Status: Direct data — high reliability for Glamnetic. Engagement metrics are platform-scraped. Note: this finding applies specifically to Glamnetic's brand and audience. Olive & June shows the opposite pattern (founder 2.6x non-founder on TikTok). Piqki's no-founder model is validated against Glamnetic (the structurally most similar brand) but should be monitored in real performance data at launch.

[3] Trend/challenge content = highest views, lowest engagement rate (509K views, 0.74% eng rate)

Source: Same Upwork dataset as [2] — Glamnetic TikTok trend/challenge posts, n=6.

Status: Direct data, but small n (only 6 posts in this category). The pattern is internally consistent (views up, engagement rate down) and aligns with widely reported observations about trend-chasing content across TikTok generally. Small sample — do not over-index on the 0.74% exact figure; the directional insight (trend = views, not engagement) is the durable takeaway.

[4] "Comparison/Versus" category = 6x engagement vs. Product Launch (47K vs. 3.2K avg engagement)

Source: Same Upwork dataset as [2].

Status: ⚠️ Use with caution. The engagement numbers are real. However, caption validation of the #1 post (7.4M views, majority of the category's performance) reveals the post is NOT a product comparison — it's a personal testimonial/identity-shift story. The "Comparison/Versus" label is likely wrong for multiple posts in this category. The underlying insight (identity-shift testimonial content dramatically outperforms product content) is validated by the caption — but the category label that names it "Comparison" is unreliable. Reclassify as: anti-salon testimonial content outperforms product content by a wide margin.

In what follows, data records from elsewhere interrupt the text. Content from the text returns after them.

section \<open>Square-integrable functions and \<open>H\<^sup>1\<close> on an interval\<close>

lemma set_borel_measurable_mult:
  fixes f g :: "real \<Rightarrow> real"
  assumes "set_borel_measurable M A f" "set_borel_measurable M A g"
  shows "set_borel_measurable M A (\<lambda>x. f x * g x)"
proof -
  have "(\<lambda>x. indicator A x *\<^sub>R (f x * g x)) = (\<lambda>x. (indicator A x *\<^sub>R f x) * (indicator A x *\<^sub>R g x))"
    by (auto simp: indicator_def)
  then show ?thesis using assms unfolding set_borel_measurable_def by simp
qed

lemma set_borel_measurable_add:
  fixes f g :: "real \<Rightarrow> real"
  assumes "set_borel_measurable M A f" "set_borel_measurable M A g"
  shows "set_borel_measurable M A (\<lambda>x. f x + g x)"
proof -
  have "(\<lambda>x. indicator A x *\<^sub>R (f x + g x)) = (\<lambda>x. (indicator A x *\<^sub>R f x) + (indicator A x *\<^sub>R g x))"
    by (auto simp: indicator_def)
  then show ?thesis using assms unfolding set_borel_measurable_def by simp
qed

lemma set_borel_measurable_lebesgueI:
  assumes "(g :: real \<Rightarrow> real) \<in> borel_measurable borel" "A \<in> sets lebesgue"
  shows "set_borel_measurable lebesgue A g"
proof -
  have "g \<in> borel_measurable lebesgue" by (rule measurable_completion) (simp add: assms(1))
  then show ?thesis
    unfolding set_borel_measurable_def using assms(2)
    by (intro borel_measurable_scaleR borel_measurable_indicator) auto
qed

lemma L2_integrable_mult:
  assumes "L2 a b f" "L2 a b g"
  shows "set_integrable lebesgue {a<..<b} (\<lambda>x. f x * g x)"
proof (rule set_integrable_bound[where f="\<lambda>x. (f x)^2 + (g x)^2"])
  show "set_integrable lebesgue {a<..<b} (\<lambda>x. (f x)\<^sup>2 + (g x)\<^sup>2)"
    using assms by (intro set_integral_add) (auto simp: L2_def)
  show "set_borel_measurable lebesgue {a<..<b} (\<lambda>x. f x * g x)"
    using assms by (intro set_borel_measurable_mult) (auto simp: L2_def)
  have "\<bar>f x * g x\<bar> \<le> (f x)^2 + (g x)^2" for x
  proof -
    have "2 * (\<bar>f x\<bar> * \<bar>g x\<bar>) \<le> (f x)^2 + (g x)^2"
      using sum_squares_bound[of "\<bar>f x\<bar>" "\<bar>g x\<bar>"] by simp
    moreover have "0 \<le> \<bar>f x\<bar> * \<bar>g x\<bar>" by simp
    ultimately show ?thesis unfolding abs_mult by linarith
  qed
  then show "AE x\<in>{a<..<b} in lebesgue. norm (f x * g x) \<le> norm ((f x)\<^sup>2 + (g x)\<^sup>2)"
    by auto
qed

lemma L2_continuous_on:
  assumes "continuous_on {a..b} f"
  shows "L2 a b f"
proof -
  have "set_integrable lebesgue {a..b} (\<lambda>x. (f x)^2)"
    using assms by (intro absolutely_integrable_continuous_real continuous_intros)
  then have sq: "set_integrable lebesgue {a<..<b} (\<lambda>x. (f x)^2)"
    by (rule set_integrable_subset) auto
  have "set_integrable lebesgue {a..b} f" using assms by (rule absolutely_integrable_continuous_real)
  then have "set_integrable lebesgue {a<..<b} f" by (rule set_integrable_subset) auto
  then show ?thesis
    using sq unfolding L2_def set_integrable_def set_borel_measurable_def by auto
qed

lemma L2_const: "L2 a b (\<lambda>x. c)"
  by (rule L2_continuous_on) simp

lemma L2_integrable: "L2 a b f \<Longrightarrow> set_integrable lebesgue {a<..<b} f"
  using L2_integrable_mult[of a b f "\<lambda>x. 1"] L2_const by simp

lemma L2_mult_bounded:
  assumes "L2 a b f" "set_borel_measurable lebesgue {a<..<b} g"
    and "\<And>x. x \<in> {a<..<b} \<Longrightarrow> \<bar>g x\<bar> \<le> B"
  shows "L2 a b (\<lambda>x. g x * f x)"
proof -
  have m: "set_borel_measurable lebesgue {a<..<b} (\<lambda>x. g x * f x)"
    using assms(1,2) by (intro set_borel_measurable_mult) (auto simp: L2_def)
  have "set_integrable lebesgue {a<..<b} (\<lambda>x. (g x * f x)^2)"
  proof (rule set_integrable_bound[where f="\<lambda>x. B^2 * (f x)^2"])
    show "set_integrable lebesgue {a<..<b} (\<lambda>x. B\<^sup>2 * (f x)\<^sup>2)"
      using assms(1) by (intro set_integrable_mult_right) (auto simp: L2_def)
    show "set_borel_measurable lebesgue {a<..<b} (\<lambda>x. (g x * f x)\<^sup>2)"
      unfolding power2_eq_square using set_borel_measurable_mult[OF m m] .
    have "norm ((g x * f x)\<^sup>2) \<le> norm (B\<^sup>2 * (f x)\<^sup>2)" if "x \<in> {a<..<b}" for x
    proof -
      have "\<bar>g x\<bar>^2 \<le> B^2" using assms(3)[OF that] by (intro power_mono) auto
      then show ?thesis by (simp add: power_mult_distrib mult_right_mono)
    qed
    then show "AE x\<in>{a<..<b} in lebesgue. norm ((g x * f x)\<^sup>2) \<le> norm (B\<^sup>2 * (f x)\<^sup>2)"
      by auto
  qed
  then show ?thesis using m unfolding L2_def by blast
qed

lemma L2_mult_bounded_borel:
  assumes "L2 a b f" "g \<in> borel_measurable borel" "\<And>x. x \<in> {a<..<b} \<Longrightarrow> \<bar>g x\<bar> \<le> B"
  shows "L2 a b (\<lambda>x. g x * f x)"
  using assms by (intro L2_mult_bounded set_borel_measurable_lebesgueI) auto

lemma L2_cmult: "L2 a b f \<Longrightarrow> L2 a b (\<lambda>x. c * f x)"
  by (rule L2_mult_bounded_borel[where B="\<bar>c\<bar>"]) auto

lemma L2_add:
  assumes "L2 a b f" "L2 a b g"
  shows "L2 a b (\<lambda>x. f x + g x)"
proof -
  have "set_integrable lebesgue {a<..<b} (\<lambda>x. (f x)^2 + 2 * (f x * g x) + (g x)^2)"
    using assms
    by (intro set_integral_add set_integrable_mult_right L2_integrable_mult) (auto simp: L2_def)
  moreover have "(\<lambda>x. (f x)^2 + 2 * (f x * g x) + (g x)^2) = (\<lambda>x. (f x + g x)^2)"
    by (auto simp: power2_eq_square algebra_simps)
  ultimately show ?thesis
    using assms unfolding L2_def by (auto intro: set_borel_measurable_add)
qed

lemma L2_diff: "L2 a b f \<Longrightarrow> L2 a b g \<Longrightarrow> L2 a b (\<lambda>x. f x - g x)"
  using L2_add[of a b f "\<lambda>x. (-1) * g x"] L2_cmult[of a b g "-1"] by simp

lemma L2_integrable_weighted_mult:
  assumes "L2 a b f" "L2 a b g" "D \<in> borel_measurable borel" "\<And>x. x \<in> {a<..<b} \<Longrightarrow> \<bar>D x\<bar> \<le> B"
  shows "set_integrable lebesgue {a<..<b} (\<lambda>x. D x * f x * g x)"
  using L2_integrable_mult[OF L2_mult_bounded_borel[OF assms(1,3,4)] assms(2)] by simp

lemma L2_integrable_weighted_square:
  assumes "L2 a b f" "D \<in> borel_measurable borel" "\<And>x. x \<in> {a<..<b} \<Longrightarrow> \<bar>D x\<bar> \<le> B"
  shows "set_integrable lebesgue {a<..<b} (\<lambda>x. D x * (f x)^2)"
  using L2_integrable_weighted_mult[OF assms(1,1,2,3)] by (simp add: power2_eq_square mult.assoc)

lemma set_integral_square_nonneg: "0 \<le> (LINT t:A|lebesgue. (f t)^2 :: real)"
  unfolding set_lebesgue_integral_def by (rule integral_nonneg_AE) (simp add: indicator_def)

lemma H1_add_scaled:
  assumes "H1 a b v dv" "H1 a b z dz"
  shows "H1 a b (\<lambda>x. v x + t * z x) (\<lambda>x. dv x + t * dz x)"
  unfolding H1_def
proof (intro conjI allI impI)
  have L: "L2 a b v" "L2 a b z" "L2 a b dv" "L2 a b dz" using assms by (auto simp: H1_def)
  then show "L2 a b (\<lambda>x. v x + t * z x)" "L2 a b (\<lambda>x. dv x + t * dz x)"
    by (auto intro!: L2_add L2_cmult)
  show "continuous_on {a<..<b} (\<lambda>x. v x + t * z x)"
    using assms by (auto simp: H1_def intro!: continuous_intros)
  fix \<phi> assume tf: "test_fun a b \<phi>"
  have L2\<phi>: "L2 a b \<phi>" "L2 a b (deriv \<phi>)"
    using test_fun_continuous[OF tf] by (auto intro!: L2_continuous_on intro: continuous_on_subset)
  have i1: "set_integrable lebesgue {a<..<b} (\<lambda>x. v x * deriv \<phi> x)"
    "set_integrable lebesgue {a<..<b} (\<lambda>x. t * (z x * deriv \<phi> x))"
    "set_integrable lebesgue {a<..<b} (\<lambda>x. dv x * \<phi> x)"
    "set_integrable lebesgue {a<..<b} (\<lambda>x. t * (dz x * \<phi> x))"
    using L L2\<phi> by (auto intro!: set_integrable_mult_right L2_integrable_mult)
  have e1: "(\<lambda>x. (v x + t * z x) * deriv \<phi> x) = (\<lambda>x. v x * deriv \<phi> x + t * (z x * deriv \<phi> x))"
    "(\<lambda>x. (dv x + t * dz x) * \<phi> x) = (\<lambda>x. dv x * \<phi> x + t * (dz x * \<phi> x))"
    by (auto simp: algebra_simps)
  have weak: "(LINT x:{a<..<b}|lebesgue. v x * deriv \<phi> x) = - (LINT x:{a<..<b}|lebesgue. dv x * \<phi> x)"
    "(LINT x:{a<..<b}|lebesgue. z x * deriv \<phi> x) = - (LINT x:{a<..<b}|lebesgue. dz x * \<phi> x)"
    using assms tf unfolding H1_def by blast+
  show "(LINT x:{a<..<b}|lebesgue. (v x + t * z x) * deriv \<phi> x)
      = - (LINT x:{a<..<b}|lebesgue. (dv x + t * dz x) * \<phi> x)"
    unfolding e1 set_integral_add(2)[OF i1(1,2)] set_integral_add(2)[OF i1(3,4)]
      set_integral_mult_right weak by simp
qed

definition step_kernel :: "real \<Rightarrow> real \<Rightarrow> real \<Rightarrow> real" where
  "step_kernel \<delta> z t = deriv smooth_step ((t - z) / \<delta>) / \<delta>"

lemma smooth_step_scaled_has_derivative:
  assumes "\<delta> > 0"
  shows "((\<lambda>t. smooth_step ((t - z) / \<delta>)) has_real_derivative step_kernel \<delta> z t) (at t)"
proof -
  have "((\<lambda>t. (t - z) / \<delta>) has_real_derivative 1 / \<delta>) (at t)"
    using assms by (auto intro!: derivative_eq_intros)
  from DERIV_chain2[OF smooth_step_has_derivative this] show ?thesis
    by (simp add: step_kernel_def)
qed

lemma continuous_on_step_kernel: "\<delta> > 0 \<Longrightarrow> continuous_on A (step_kernel \<delta> z)"
  unfolding step_kernel_def[abs_def]
  by (intro continuous_intros continuous_on_compose2[OF continuous_on_deriv_smooth_step]) auto

lemma step_kernel_eq_0: "\<delta> > 0 \<Longrightarrow> t \<notin> {z..z + \<delta>} \<Longrightarrow> step_kernel \<delta> z t = 0"
  by (auto simp: step_kernel_def deriv_smooth_step_eq_0 divide_simps)

lemma integral_step_kernel:
  assumes "\<delta> > 0"
  shows "integral {z..z + \<delta>} (step_kernel \<delta> z) = 1"
proof -
  have "(step_kernel \<delta> z has_integral
      smooth_step ((z + \<delta> - z) / \<delta>) - smooth_step ((z - z) / \<delta>)) {z..z + \<delta>}"
    using assms
    by (intro fundamental_theorem_of_calculus)
       (auto intro!: DERIV_subset[OF smooth_step_scaled_has_derivative,
           unfolded has_real_derivative_iff_has_vector_derivative])
  then show ?thesis
    using assms by (simp add: smooth_step_eq_0 smooth_step_eq_1 integral_unique)
qed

[5] DTC beauty CAC benchmarks referenced in measurement model ($25 base, $18 optimistic)

Source: Internal modeling based on Northbeam DTC Benchmarks Report 2024 (vendor-published, URL: northbeam.io/resources) and general DTC practitioner knowledge (no single authoritative source).

Status: Directional only — treat as hypothesis. Northbeam is a paid measurement vendor with incentive to make paid ads look necessary. The $18-35 CAC range is a reasonable starting hypothesis for DTC beauty, but Piqki's actual CAC will be determined by April testing (see creative testing system). These benchmarks set the decision table; they do not guarantee Piqki will hit them.

[6] ManyChat "Comment [keyword] → DM link" strategy

Source: SBS workshop [1] + widely documented DTC practitioner methodology. ManyChat is the standard implementation tool (manychat.com).

Status: Validated in practice — ManyChat keyword triggers are used by hundreds of DTC brands and are documented to increase click-through rates vs. static "link in bio" by reducing friction. No Piqki-specific data yet. The mechanism is sound: lower friction → higher conversion. Actual performance will be validated in April testing.

[7] Press-on nail market — competitor pricing and positioning data

Source: Direct price research on Glamnetic (glamnetic.com), Olive & June (oliveandjune.com), Chillhouse (chillhouse.com), Kiss (Amazon and retail), conducted Feb 2026.

Status: Current as of Feb 2026. Prices shift — re-verify before any external-facing claims.